Memories fade. So do people, and with them – everything else.
Probably because we make newer memories that replace previous ones. And yet, bygones have a way of getting back (at you) somewhat vengefully. So you feverishly sift through the rusting shelves of your mind for a graying book or piece of paper to recall a memory that has now slipped out of your hands, irrevocably.
You try to clear the opaque window pane with your hands, only to see more haze settling back that leaves you with the memory of a faded memory. Static and unreachable.
That’s Milita. And she’s dead.
It’s a sketch I have been at pains to draw, a sketch that is incomplete, abandoned mid-way and barren in its half-ness.
I see her spectacles, perched perfectly on her small nose, guarding those eyes that always sparkled with glee and mischief, but couldn’t help betraying the indiscernible.
Her cotton kurtas, those floaters, that wireless phone that seldom stopped ringing, her gait that resembled a tough Army colonel’s. The breakfast table was Milita and Milita was it.

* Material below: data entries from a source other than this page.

(* For all $x\in\mathbb{R}$, $\Lambda^*_\nu(x)\ge\big(\sqrt{1+|x|}-1\big)^2$.
   Context: $\nu$ is the symmetric exponential distribution on $\mathbb{R}$ with density $\frac12e^{-|x|}$, and $\Lambda^*_\nu(x)=\sup_y\{xy-\ln\int e^{yz}d\nu(z)\}$ is its Cramer transform; explicitly $\Lambda^*_\nu(x)=\sqrt{x^2+1}-1-\ln\frac{\sqrt{x^2+1}+1}{2}$. *)

theory Defs
  imports "HOL-Analysis.Analysis"
begin

definition nu :: "real measure" where
  "nu = density lborel (\<lambda>z. ennreal (exp (- \<bar>z\<bar>) / 2))"

definition mgf_nu :: "real \<Rightarrow> ennreal" where
  "mgf_nu y = (\<integral>\<^sup>+ z. ennreal (exp (y * z)) \<partial>nu)"

text \<open>Cramer transform sup_y (x y - ln mgf(y)); values y with infinite mgf contribute
  minus infinity and are therefore omitted from the supremum.\<close>
definition cramer_nu :: "real \<Rightarrow> ereal" where
  "cramer_nu x = (SUP y \<in> {y. mgf_nu y < \<infinity>}. ereal (x * y - ln (enn2real (mgf_nu y))))"

end

theory Submission
  imports Defs
begin

text \<open>For \<open>|y| < 1\<close> the moment generating function of \<open>\<nu>\<close> is \<open>1/(1 - y\<^sup>2)\<close>, so every such \<open>y\<close>
  gives \<open>\<Lambda>\<^sup>*(x) \<ge> x y + ln (1 - y\<^sup>2)\<close>. Taking \<open>y = sgn x (1 - 1/s)\<close> with \<open>s = sqrt (1 + |x|)\<close>
  and bounding the logarithm by \<open>ln t \<ge> 1 - 1/t\<close> yields \<open>(s - 1)\<^sup>2\<close>.\<close>

lemma nn_integral_exp_neg_atLeast_0:
  fixes a :: real
  assumes "a > 0"
  shows "(\<integral>\<^sup>+ z. ennreal (indicator {0..} z * exp (- a * z)) \<partial>lborel) = ennreal (1 / a)"
proof -
  have "((\<lambda>z. exp (- a * z)) has_integral exp (- a * 0) / a) {0..}"
    by (rule has_integral_exp_minus_to_infinity[OF assms])
  then have "(\<integral>\<^sup>+ z. ennreal (indicator {0..} z * exp (- a * z)) \<partial>lborel) = ennreal (exp (- a * 0) / a)"
    by (intro nn_integral_has_integral_lebesgue) auto
  then show ?thesis by simp
qed

lemma nn_integral_exp_atMost_0:
  fixes a :: real
  assumes "a > 0"
  shows "(\<integral>\<^sup>+ z. ennreal (indicator {..0} z * exp (a * z)) \<partial>lborel) = ennreal (1 / a)"
proof -
  have "(\<integral>\<^sup>+ z. ennreal (indicator {..0} z * exp (a * z)) \<partial>lborel)
      = ennreal \<bar>-1\<bar> * (\<integral>\<^sup>+ z. ennreal (indicator {..0} (0 + -1 * z) * exp (a * (0 + -1 * z))) \<partial>lborel)"
    by (rule nn_integral_real_affine) auto
  also have "(\<lambda>z. ennreal (indicator {..0} (0 + -1 * z) * exp (a * (0 + -1 * z))))
      = (\<lambda>z. ennreal (indicator {0..} z * exp (- a * z)))"
    by (auto simp: indicator_def fun_eq_iff)
  finally show ?thesis
    using nn_integral_exp_neg_atLeast_0[OF assms] by simp
qed

lemma mgf_nu_eq:
  fixes y :: real
  assumes "\<bar>y\<bar> < 1"
  shows "mgf_nu y = ennreal (1 / (1 - y\<^sup>2))"
proof -
  define f where "f z = indicator {0..} z * exp (- (1 - y) * z)" for z :: real
  define g where "g z = indicator {..0} z * exp ((1 + y) * z)" for z :: real
  have fg_nonneg: "f z \<ge> 0" "g z \<ge> 0" for z
    by (simp_all add: f_def g_def)
  have split: "exp (- \<bar>z\<bar>) / 2 * exp (y * z) = f z / 2 + g z / 2" if "z \<noteq> 0" for z
    using that by (cases "z > 0") (simp_all add: f_def g_def mult_exp_exp algebra_simps)
  have "mgf_nu y = (\<integral>\<^sup>+ z. ennreal (exp (- \<bar>z\<bar>) / 2 * exp (y * z)) \<partial>lborel)"
    unfolding mgf_nu_def nu_def
    by (subst nn_integral_density) (auto intro!: nn_integral_cong simp: ennreal_mult[symmetric])
  also have "\<dots> = (\<integral>\<^sup>+ z. ennreal (f z / 2) + ennreal (g z / 2) \<partial>lborel)"
    by (intro nn_integral_cong_AE eventually_mono[OF AE_lborel_singleton[of 0]])
      (subst split, simp_all add: ennreal_plus fg_nonneg)
  also have "\<dots> = (\<integral>\<^sup>+ z. ennreal (f z) \<partial>lborel) / 2 + (\<integral>\<^sup>+ z. ennreal (g z) \<partial>lborel) / 2"
    by (subst nn_integral_add) (auto simp: f_def g_def divide_ennreal[symmetric] nn_integral_divide)
  also have "\<dots> = ennreal (1 / (1 - y)) / 2 + ennreal (1 / (1 + y)) / 2"
    using assms unfolding f_def g_def
    by (subst nn_integral_exp_neg_atLeast_0 nn_integral_exp_atMost_0, simp)+ simp
  also have "\<dots> = ennreal (1 / (1 - y) / 2 + 1 / (1 + y) / 2)"
    using assms by (simp add: divide_ennreal[of _ 2, simplified] ennreal_plus)
  also have "1 / (1 - y) / 2 + 1 / (1 + y) / 2 = 1 / (1 - y\<^sup>2)"
    using assms abs_square_less_1[of y]
    by (simp add: abs_less_iff divide_simps power2_eq_square) (simp add: algebra_simps)
  finally show ?thesis .
qed

lemma cramer_nu_ge:
  fixes x y :: real
  assumes "\<bar>y\<bar> < 1"
  shows "ereal (x * y + ln (1 - y\<^sup>2)) \<le> cramer_nu x"
proof -
  have pos: "1 - y\<^sup>2 > 0"
    using assms by (simp add: abs_square_less_1)
  have "mgf_nu y < \<infinity>" "ln (enn2real (mgf_nu y)) = - ln (1 - y\<^sup>2)"
    using pos by (simp_all add: mgf_nu_eq[OF assms] ln_div)
  then show ?thesis
    unfolding cramer_nu_def by (intro SUP_upper2[of y]) auto
qed

lemma ln_ge_one_minus_inverse:
  fixes t :: real
  assumes "t > 0"
  shows "1 - 1 / t \<le> ln t"
  using ln_le_minus_one[of "1 / t"] assms by (simp add: ln_div)

lemma square_minus_one_le_laplace_rate:
  fixes s :: real
  assumes "s \<ge> 1"
  shows "(s - 1)\<^sup>2 \<le> (s\<^sup>2 - 1) * (1 - 1 / s) + ln (1 - (1 - 1 / s)\<^sup>2)"
proof -
  have "1 - (1 - 1 / s)\<^sup>2 = (2 * s - 1) / s\<^sup>2"
    using assms by (simp add: field_simps power2_eq_square)
  then have "- ((s - 1)\<^sup>2 / (2 * s - 1)) \<le> ln (1 - (1 - 1 / s)\<^sup>2)"
    using ln_ge_one_minus_inverse[of "(2 * s - 1) / s\<^sup>2"] assms
    by (simp add: field_simps power2_eq_square)
  moreover have "(s - 1)\<^sup>2 / (2 * s - 1) \<le> (s - 1)\<^sup>2 / s"
    using assms by (intro divide_left_mono) auto
  moreover have "(s\<^sup>2 - 1) * (1 - 1 / s) = (s - 1)\<^sup>2 + (s - 1)\<^sup>2 / s"
    using assms by (simp add: field_simps power2_eq_square)
  ultimately show ?thesis
    by linarith
qed

theorem lemma8:
  fixes x :: real
  shows "ereal ((sqrt (1 + \<bar>x\<bar>) - 1) ^ 2) \<le> cramer_nu x"
proof -
  define s where "s = sqrt (1 + \<bar>x\<bar>)"
  define y where "y = (if x \<ge> 0 then 1 - 1 / s else 1 / s - 1)"
  have s: "s \<ge> 1" "\<bar>x\<bar> = s\<^sup>2 - 1"
    unfolding s_def by simp_all
  have "\<bar>y\<bar> < 1" "x * y = \<bar>x\<bar> * (1 - 1 / s)" "y\<^sup>2 = (1 - 1 / s)\<^sup>2"
    using s(1) unfolding y_def
    by (auto simp: power2_eq_square algebra_simps)
  then have "ereal (\<bar>x\<bar> * (1 - 1 / s) + ln (1 - (1 - 1 / s)\<^sup>2)) \<le> cramer_nu x"
    using cramer_nu_ge[of y x] by simp
  moreover have "(s - 1)\<^sup>2 \<le> \<bar>x\<bar> * (1 - 1 / s) + ln (1 - (1 - 1 / s)\<^sup>2)"
    using square_minus_one_le_laplace_rate[OF s(1)] s(2) by simp
  ultimately show ?thesis
    unfolding s_def by (meson ereal_less_eq(3) order_trans)
qed

end
(* Let $(V,\mathcal H,\iota,W)$ be a generalized functional theory. The ensemble functional $\mathcal F_e$ is the lower convex envelope of both the Hohenberg–Kohn functional $\mathcal F_{HK}$ and the pure functional $\mathcal F_p$; that is, with all three functionals extended to $V^*$ by $+\infty$ outside their domains, $\mathcal F_{HK}^{**}=\mathcal F_p^{**}=\mathcal F_e$.
   Context: A generalized functional theory is a tuple $(V,\mathcal H,\iota,W)$ with $V$ a finite-dimensional real vector space, $\mathcal H$ a finite-dimensional complex Hilbert space, $\iota:V\to i\mathfrak u(\mathcal H)$ linear into the Hermitian operators, $W$ Hermitian. Density operators are regarded as elements of $(i\mathfrak u(\mathcal H))^*$ via the trace pairing; $\iota^*$ is the dual map. $\mathcal P$ = pure states, $\mathcal E$ = density operators, $\mathbf G_p(v)$ = pure ground states of $\iota(v)+W$. $\mathcal F_{HK}$ is defined on $\bigcup_v\iota^*(\mathbf G_p(v))$ by $\mathcal F_{HK}(\rho)=\mathrm{Tr}(\Gamma W)$ for any $v$ and $\Gamma\in\mathbf G_p(v)$ with $\iota^*(\Gamma)=\rho$ (independent of choices); $\mathcal F_p(\rho)=\min\{\mathrm{Tr}(\Gamma W):\Gamma\in\mathcal P,\iota^*(\Gamma)=\rho\}$ on $\iota^*(\mathcal P)$; $\mathcal F_e(\rho)=\min\{\mathrm{Tr}(\Gamma W):\Gamma\in\mathcal E,\iota^*(\Gamma)=\rho\}$ on $\iota^*(\mathcal E)$. For $g:V^*\to\mathbb R\cup\{+\infty\}$, $g^*(v)=\sup_\rho(\langle\rho,v\rangle-g(\rho))$ is the convex conjugate and $g^{**}$ the biconjugate, i.e. the lower (closed) convex envelope of $g$. *)

theory Defs
  imports "HOL-Analysis.Analysis"
begin

text \<open>Finite-dimensional complex Hilbert space modelled as complex^'n (standard inner product);
operators on it as matrices complex^'n^'n. V is a real type of class euclidean_space;
V^* is the set of real-linear functionals on V.\<close>

definition hermitian :: "complex^'n^'n \<Rightarrow> bool" where
  "hermitian A \<longleftrightarrow> (\<forall>i j. A$i$j = cnj (A$j$i))"

definition cinner :: "complex^'n \<Rightarrow> complex^'n \<Rightarrow> complex" where
  "cinner x y = (\<Sum>i\<in>UNIV. cnj (x$i) * y$i)"

definition proj :: "complex^'n \<Rightarrow> complex^'n^'n" where
  "proj \<psi> = (\<chi> i j. \<psi>$i * cnj (\<psi>$j))"

definition pure_states :: "(complex^'n^'n) set" where
  "pure_states = {proj \<psi> | \<psi>. cinner \<psi> \<psi> = 1}"

definition density_ops :: "(complex^'n^'n) set" where
  "density_ops = {\<Gamma>. hermitian \<Gamma> \<and> (\<forall>x. 0 \<le> Re (cinner x (\<Gamma> *v x))) \<and> trace \<Gamma> = 1}"

definition ground_states :: "complex^'n^'n \<Rightarrow> (complex^'n^'n) set" where
  "ground_states H = {proj \<psi> | \<psi>. cinner \<psi> \<psi> = 1 \<and>
      (\<exists>e::real. H *v \<psi> = complex_of_real e *s \<psi> \<and>
         (\<forall>(\<mu>::real) \<phi>. \<phi> \<noteq> 0 \<and> H *v \<phi> = complex_of_real \<mu> *s \<phi> \<longrightarrow> e \<le> \<mu>))}"

definition gen_functional_theory :: "('v::euclidean_space \<Rightarrow> complex^'n^'n) \<Rightarrow> complex^'n^'n \<Rightarrow> bool" where
  "gen_functional_theory \<iota> W \<longleftrightarrow> linear \<iota> \<and> (\<forall>v. hermitian (\<iota> v)) \<and> hermitian W"

definition iota_star :: "('v \<Rightarrow> complex^'n^'n) \<Rightarrow> complex^'n^'n \<Rightarrow> ('v \<Rightarrow> real)" where
  "iota_star \<iota> \<Gamma> = (\<lambda>v. Re (trace (\<Gamma> ** \<iota> v)))"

And now, I have hit a cul-de-sac.
Now, I only see her lying somewhere, lifeless, under a dark sky that witnessed her end. She’s gone and yet she’s around, very much so – in conversations, in numb thoughts, in silences, in the befuddling darkness of the night, ahead of you, behind you, maybe a phone call or a Facebook message away.
And what would she have gone through in her last…I wonder.
With this complete breakdown of comprehension, I think of a few lines someone wrote many many years ago –
ज़िंदगी का सफ़र
है यह कैसा सफ़र
कोई समझा नहीं कोई जाना नहीं
Zindagi ka safar
hai yeh kaisa safar
koi samjha nahin koi jaana nahin
Maybe the answer lies in a no-answer. Rest in peace, Milita, wherever you are right now. It’s hard to let you go.